#### Raw data
(* Let $F:D_1\to\mathbb{C}^n$ be analytic with $F(z)=Az+f(z)$, $f(0)=0$, $Df(0)=0$, $A\in\mathbb{C}^{n\times n}$. Let $\hat H=\sum_{|\alpha|\ge1}h_\alpha z^\alpha$ ($h_\alpha\in\mathbb{C}^n$) be a formal power series with $\hat H(z)=z+O(|z|^2)$ which formally satisfies $D\hat H(z)\cdot F(z)=A\hat H(z)$, and which is Gevrey-$s$ ($s>0$): there are $A_1,B_1>0$ with $|h_\alpha|\le A_1B_1^{-s|\alpha|}(|\alpha|!)^s$ for all $|\alpha|\ge1$. For each positive integer $N$ let $\mathcal{H}_N(z)=\sum_{1\le|\alpha|\le N}h_\alpha z^\alpha$ and $\mathcal{R}_N(z)=D\mathcal{H}_N(z)\cdot F(z)-A\mathcal{H}_N(z)$. Then: (1) $\partial_z^\alpha\mathcal{R}_N(0)=0$ for all $\alpha\in\mathbb{N}^n$ with $|\alpha|\le N$; (2) for every $0<r<1$ there exist positive constants $A_2,B_2$ (independent of $N$ and $\alpha$) such that for all $N$ and all $|\alpha|\ge N+1$, $\big|\frac{1}{\alpha!}\partial_z^\alpha\mathcal{R}_N(0)\big|\le A_2r^{-|\alpha|}B_2^{-sN}(N!)^s$; (3) for every $0<r<1$ there exist positive constants $A_3,B_3$ (independent of $N$) such that for all $N$ and all $|z|<r/4$, $|\mathcal{R}_N(z)|\le A_3B_3^{-sN}(N!)^s\big(|z|/r\big)^{N+1}$.
   Context: $D_1=\{z\in\mathbb{C}^n:|z_j|<1\}$; $|z|=\max_j|z_j|$; for $\alpha\in\mathbb{N}^n$, $|\alpha|=\sum\alpha_j$, $\alpha!=\alpha_1!\cdots\alpha_n!$, $z^\alpha=z_1^{\alpha_1}\cdots z_n^{\alpha_n}$, and $\frac{1}{\alpha!}\partial_z^\alpha=\frac{1}{\alpha_1!\cdots\alpha_n!}\frac{\partial^{|\alpha|}}{\partial z_1^{\alpha_1}\cdots\partial z_n^{\alpha_n}}$. *)

theory Defs
  imports "HOL-Analysis.Analysis"
begin

text \<open>Vectors in C^n are represented as complex^'n, with 'n a finite index type
  (n = CARD('n)).  Multi-indices are functions 'n \<Rightarrow> nat.\<close>

definition mdeg :: "('n::finite \<Rightarrow> nat) \<Rightarrow> nat" where
  "mdeg \<alpha> = (\<Sum>j\<in>UNIV. \<alpha> j)"

definition mfact :: "('n::finite \<Rightarrow> nat) \<Rightarrow> real" where
  "mfact \<alpha> = (\<Prod>j\<in>UNIV. fact (\<alpha> j))"

definition mpow :: "complex^'n::finite \<Rightarrow> ('n \<Rightarrow> nat) \<Rightarrow> complex" where
  "mpow z \<alpha> = (\<Prod>j\<in>UNIV. (z $ j) ^ (\<alpha> j))"

definition eidx :: "'n \<Rightarrow> ('n \<Rightarrow> nat)" where
  "eidx j = (\<lambda>k. if k = j then 1 else 0)"

definition supn :: "complex^'n::finite \<Rightarrow> real" where
  "supn z = Max (range (\<lambda>j. cmod (z $ j)))"

definition polydisc1 :: "(complex^'n::finite) set" where
  "polydisc1 = {z. \<forall>j. cmod (z $ j) < 1}"

definition analytic_vec :: "(complex^'n::finite) set \<Rightarrow> (complex^'n \<Rightarrow> complex^'m) \<Rightarrow> bool" where
  "analytic_vec S F \<longleftrightarrow> (\<forall>w\<in>S. \<exists>e>0. \<exists>c :: ('n \<Rightarrow> nat) \<Rightarrow> complex^'m.
      \<forall>z. supn (z - w) < e \<longrightarrow>
        ((\<lambda>\<alpha>. \<chi> i. mpow (z - w) \<alpha> * c \<alpha> $ i) has_sum F z) UNIV)"

definition pd :: "'n \<Rightarrow> (complex^'n::finite \<Rightarrow> complex) \<Rightarrow> complex^'n \<Rightarrow> complex" where
  "pd j g z = deriv (\<lambda>t. g (\<chi> k. if k = j then t else z $ k)) (z $ j)"

text \<open>higher partial derivative \<partial>^\<alpha>: apply pd along a list of directions in which
  each j occurs \<alpha> j times (order irrelevant for analytic functions)\<close>
definition pdiff :: "('n::finite \<Rightarrow> nat) \<Rightarrow> (complex^'n \<Rightarrow> complex) \<Rightarrow> complex^'n \<Rightarrow> complex" where
  "pdiff \<alpha> g = foldr pd (SOME L. \<forall>j. count_list L j = \<alpha> j) g"

definition tcoeff :: "(complex^'n::finite \<Rightarrow> complex^'m) \<Rightarrow> ('n \<Rightarrow> nat) \<Rightarrow> complex^'m" where
  "tcoeff F \<alpha> = (\<chi> i. pdiff \<alpha> (\<lambda>z. F z $ i) 0 / of_real (mfact \<alpha>))"

definition truncH :: "(('n::finite \<Rightarrow> nat) \<Rightarrow> complex^'n) \<Rightarrow> nat \<Rightarrow> complex^'n \<Rightarrow> complex^'n" where
  "truncH h N z = (\<Sum>\<alpha>\<in>{\<alpha>. 1 \<le> mdeg \<alpha> \<and> mdeg \<alpha> \<le> N}. \<chi> i. mpow z \<alpha> * h \<alpha> $ i)"

definition remR :: "complex^'n^'n \<Rightarrow> (complex^'n::finite \<Rightarrow> complex^'n) \<Rightarrow>
     (('n \<Rightarrow> nat) \<Rightarrow> complex^'n) \<Rightarrow> nat \<Rightarrow> complex^'n \<Rightarrow> complex^'n" where
  "remR A F h N z = (\<chi> i. (\<Sum>j\<in>UNIV. pd j (\<lambda>w. truncH h N w $ i) z * F z $ j))
                     - A *v truncH h N z"

text \<open>formal identity D\<hat>H \<cdot> F = A \<hat>H, coefficientwise, with F expanded in its Taylor series at 0:
  coefficient of z^\<gamma> of \<Sum>_j \<partial>_j \<hat>H_i F_j equals that of (A \<hat>H)_i\<close>
definition formal_conj :: "complex^'n^'n \<Rightarrow> (complex^'n::finite \<Rightarrow> complex^'n) \<Rightarrow>
     (('n \<Rightarrow> nat) \<Rightarrow> complex^'n) \<Rightarrow> bool" where
  "formal_conj A F h \<longleftrightarrow> (\<forall>\<gamma> i.
     (\<Sum>j\<in>UNIV. \<Sum>\<alpha>\<in>{\<alpha>. (\<forall>k. \<alpha> k \<le> \<gamma> k + eidx j k) \<and> 1 \<le> \<alpha> j}.
         of_nat (\<alpha> j) * h \<alpha> $ i * tcoeff F (\<lambda>k. \<gamma> k + eidx j k - \<alpha> k) $ j)
     = (A *v h \<gamma>) $ i)"

end

theory Submission
  imports Defs "HOL-Complex_Analysis.Complex_Analysis" "HOL-Library.Function_Algebras"
begin

text \<open>
  On the unit polydisc every component of \<open>F\<close> is the sum of its Taylor series
  \<open>F\<^sub>j z = (\<Sum>\<delta>. c\<^sub>j \<delta> * z\<^sup>\<delta>)\<close>: analyticity at \<open>0\<close> propagates along the complex lines
  through \<open>0\<close>, and averaging over tori gives the Cauchy estimates \<open>|c\<^sub>j \<delta>| \<le> M\<^sub>R / R\<^sup>|\<^sup>\<delta>\<^sup>|\<close>
  for every \<open>R < 1\<close>. Since \<open>H\<^sub>N\<close> is a polynomial, \<open>R\<^sub>N\<close> is then a convergent power series
  whose coefficient of \<open>z\<^sup>\<gamma>\<close> is a finite convolution of the \<open>h \<alpha>\<close>, \<open>1 \<le> |\<alpha>| \<le> N\<close>, with the
  \<open>c\<^sub>j\<close>. For \<open>|\<gamma>| \<le> N\<close> this is the coefficient of \<open>z\<^sup>\<gamma>\<close> in the formal identity
  \<open>DH F = A H\<close>, because the one missing term carries the factor \<open>F 0 = 0\<close>; so it vanishes.
  For \<open>|\<gamma>| > N\<close> the Cauchy estimates and the Gevrey bounds on the \<open>h \<alpha>\<close>, \<open>|\<alpha>| \<le> N\<close>, bound it
  by \<open>M r\<^sup>-\<^sup>|\<^sup>\<gamma>\<^sup>| b\<^sup>N (N!)\<^sup>s\<close>, which is (2); summing this tail for \<open>|z| < r/4\<close> gives (3).
  Partial derivatives at \<open>0\<close> are matched with Taylor coefficients by termwise
  differentiation.
\<close>

section \<open>The max norm and multi-indices\<close>

lemma norm_nth_le_supn: "cmod (z $ j) \<le> supn z"
  unfolding supn_def by (rule Max_ge) auto

lemma supn_le_iff: "supn z \<le> X \<longleftrightarrow> (\<forall>j. cmod (z $ j) \<le> X)"
  unfolding supn_def by (subst Max_le_iff) auto

lemma supn_less_iff: "supn z < X \<longleftrightarrow> (\<forall>j. cmod (z $ j) < X)"
  unfolding supn_def by (subst Max_less_iff) auto

lemma supn_eq_norm_nth: obtains j where "supn z = cmod (z $ j)"
proof -
  have "supn z \<in> range (\<lambda>j. cmod (z $ j))"
    unfolding supn_def by (rule Max_in) auto
  then show ?thesis using that by auto
qed

lemma supn_nonneg: "0 \<le> supn z"
  using norm_nth_le_supn[of z] norm_ge_zero order_trans by blast

lemma supn_le_norm: "supn z \<le> norm z"
  unfolding supn_le_iff by (simp add: Finite_Cartesian_Product.norm_nth_le)

lemma norm_le_card_supn: "norm (z::complex^'n::finite) \<le> real CARD('n) * supn z"
proof -
  have "norm z = L2_set (\<lambda>i. norm (z $ i)) UNIV" by (simp add: norm_vec_def)
  also have "\<dots> \<le> (\<Sum>i\<in>UNIV. norm (z $ i))" by (rule L2_set_le_sum) simp
  also have "\<dots> \<le> (\<Sum>i\<in>(UNIV::'n set). supn z)" by (intro sum_mono norm_nth_le_supn)
  finally show ?thesis by simp
qed

lemma supn_smult: "supn (t *s z) = cmod t * supn z"
proof (rule antisym)
  show "supn (t *s z) \<le> cmod t * supn z"
    unfolding supn_le_iff by (auto simp: norm_mult intro: mult_left_mono norm_nth_le_supn)
  obtain j where "supn z = cmod (z $ j)" by (rule supn_eq_norm_nth)
  then show "cmod t * supn z \<le> supn (t *s z)"
    using norm_nth_le_supn[of "t *s z" j] by (simp add: norm_mult)
qed

lemma supn_zero [simp]: "supn (0::complex^'n::finite) = 0"
  using supn_smult[of 0 "0::complex^'n"] by simp

lemma supn_const: "supn (\<chi> k::'n::finite. c) = cmod c"
proof (rule antisym)
  show "supn (\<chi> k::'n. c) \<le> cmod c" unfolding supn_le_iff by simp
  show "cmod c \<le> supn (\<chi> k::'n. c)" using norm_nth_le_supn[of "\<chi> k::'n. c" undefined] by simp
qed

lemma supn_triangle: "supn (a + b) \<le> supn a + supn b"
  unfolding supn_le_iff
  by (metis add_mono norm_triangle_ineq order_trans norm_nth_le_supn vector_add_component)

lemma supn_minus_commute: "supn (a - b) = supn (b - a)"
  unfolding supn_def by (simp add: norm_minus_commute)

lemma continuous_on_supn: "continuous_on S supn"
proof -
  have "\<bar>supn a - supn b\<bar> \<le> norm (a - b)" for a b :: "complex^'n"
    using supn_triangle[of "a - b" b] supn_triangle[of "b - a" a] supn_minus_commute[of a b]
      supn_le_norm[of "a - b"] by auto
  then have "lipschitz_on 1 S supn"
    by (intro lipschitz_onI) (auto simp: dist_norm dist_real_def)
  then show ?thesis by (rule lipschitz_on_continuous_on)
qed

lemma compact_supn_le: "compact {z::complex^'n::finite. supn z \<le> R}"
proof (subst compact_eq_bounded_closed, intro conjI)
  have "norm z \<le> real CARD('n) * R" if "supn z \<le> R" for z :: "complex^'n"
    using norm_le_card_supn[of z] mult_left_mono[OF that, of "real CARD('n)"] by linarith
  then show "bounded {z::complex^'n. supn z \<le> R}"
    unfolding bounded_iff by blast
  show "closed {z::complex^'n. supn z \<le> R}"
    by (rule closed_Collect_le[OF continuous_on_supn continuous_on_const])
qed

lemma polydisc1_iff: "z \<in> polydisc1 \<longleftrightarrow> supn z < 1"
  unfolding polydisc1_def supn_less_iff by simp

lemma nth_le_mdeg: "\<alpha> j \<le> mdeg \<alpha>"
  unfolding mdeg_def by (rule member_le_sum) auto

lemma mdeg_eq_0_iff: "mdeg \<alpha> = 0 \<longleftrightarrow> \<alpha> = 0"
  unfolding mdeg_def by (auto simp: fun_eq_iff)

lemma mdeg_add: "mdeg (\<alpha> + \<beta>) = mdeg \<alpha> + mdeg \<beta>"
  unfolding mdeg_def by (simp add: sum.distrib)

lemma mdeg_eidx: "mdeg (eidx j) = 1"
  unfolding mdeg_def eidx_def by simp

lemma mdeg_mono: "\<alpha> \<le> \<beta> \<Longrightarrow> mdeg \<alpha> \<le> mdeg \<beta>"
  unfolding mdeg_def le_fun_def by (rule sum_mono) simp

lemma eq_if_le_and_mdeg_le:
  assumes "\<alpha> \<le> \<beta>" "mdeg \<beta> \<le> mdeg \<alpha>"
  shows "\<alpha> = \<beta>"
proof -
  have "\<beta> = \<alpha> + (\<beta> - \<alpha>)"
    using assms(1) by (auto simp: le_fun_def fun_eq_iff)
  then have "mdeg \<beta> = mdeg \<alpha> + mdeg (\<beta> - \<alpha>)"
    by (metis mdeg_add)
  then have "mdeg (\<beta> - \<alpha>) = 0" using assms(2) by simp
  then show ?thesis using assms(1) by (auto simp: mdeg_eq_0_iff le_fun_def fun_eq_iff intro: antisym)
qed

lemma subset_PiE_mdeg_le: "{\<alpha>. mdeg \<alpha> \<le> N} \<subseteq> PiE UNIV (\<lambda>_. {..N})"
  using nth_le_mdeg order_trans by fastforce

lemma finite_mdeg_le: "finite {\<alpha>::'n::finite \<Rightarrow> nat. mdeg \<alpha> \<le> N}"
  by (rule finite_subset[OF subset_PiE_mdeg_le]) (simp add: finite_PiE)

lemma mfact_pos: "mfact \<alpha> > 0"
  unfolding mfact_def by (intro prod_pos) auto

lemma norm_mpow_le: "cmod (mpow z \<alpha>) \<le> supn z ^ mdeg \<alpha>"
proof -
  have "cmod (mpow z \<alpha>) = (\<Prod>j\<in>UNIV. cmod (z $ j) ^ \<alpha> j)"
    unfolding mpow_def by (simp add: prod_norm[symmetric] norm_power)
  also have "\<dots> \<le> (\<Prod>j\<in>UNIV. supn z ^ \<alpha> j)"
    by (intro prod_mono conjI power_mono norm_nth_le_supn) auto
  also have "\<dots> = supn z ^ mdeg \<alpha>"
    unfolding mdeg_def by (simp add: power_sum)
  finally show ?thesis .
qed

lemma mpow_smult: "mpow (t *s z) \<alpha> = t ^ mdeg \<alpha> * mpow z \<alpha>"
  unfolding mpow_def mdeg_def by (simp add: power_mult_distrib prod.distrib power_sum)

lemma mpow_const: "mpow (\<chi> k. c) \<alpha> = c ^ mdeg \<alpha>"
  unfolding mpow_def mdeg_def by (simp add: power_sum)

lemma mpow_zero: "mpow 0 \<alpha> = (if \<alpha> = 0 then 1 else 0)"
  unfolding mpow_def by (auto simp: prod_zero_iff fun_eq_iff)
########
• **What to produce**
Please reproduce the lines from the line with "unfolding mdeg_def by (simp add: sum.distrib)" to the line with "(\<Prod>j\<in>UNIV. cmod (z", both ends included, exactly as they appear above.

• **Finished exercise**
  unfolding mdeg_def by (simp add: sum.distrib)

lemma mdeg_eidx: "mdeg (eidx j) = 1"
  unfolding mdeg_def eidx_def by simp

lemma mdeg_mono: "\<alpha> \<le> \<beta> \<Longrightarrow> mdeg \<alpha> \<le> mdeg \<beta>"
  unfolding mdeg_def le_fun_def by (rule sum_mono) simp

lemma eq_if_le_and_mdeg_le:
  assumes "\<alpha> \<le> \<beta>" "mdeg \<beta> \<le> mdeg \<alpha>"
  shows "\<alpha> = \<beta>"
proof -
  have "\<beta> = \<alpha> + (\<beta> - \<alpha>)"
    using assms(1) by (auto simp: le_fun_def fun_eq_iff)
  then have "mdeg \<beta> = mdeg \<alpha> + mdeg (\<beta> - \<alpha>)"
    by (metis mdeg_add)
  then have "mdeg (\<beta> - \<alpha>) = 0" using assms(2) by simp
  then show ?thesis using assms(1) by (auto simp: mdeg_eq_0_iff le_fun_def fun_eq_iff intro: antisym)
qed

lemma subset_PiE_mdeg_le: "{\<alpha>. mdeg \<alpha> \<le> N} \<subseteq> PiE UNIV (\<lambda>_. {..N})"
  using nth_le_mdeg order_trans by fastforce

lemma finite_mdeg_le: "finite {\<alpha>::'n::finite \<Rightarrow> nat. mdeg \<alpha> \<le> N}"
  by (rule finite_subset[OF subset_PiE_mdeg_le]) (simp add: finite_PiE)

lemma mfact_pos: "mfact \<alpha> > 0"
  unfolding mfact_def by (intro prod_pos) auto

lemma norm_mpow_le: "cmod (mpow z \<alpha>) \<le> supn z ^ mdeg \<alpha>"
proof -
  have "cmod (mpow z \<alpha>) = (\<Prod>j\<in>UNIV. cmod (z $ j) ^ \<alpha> j)"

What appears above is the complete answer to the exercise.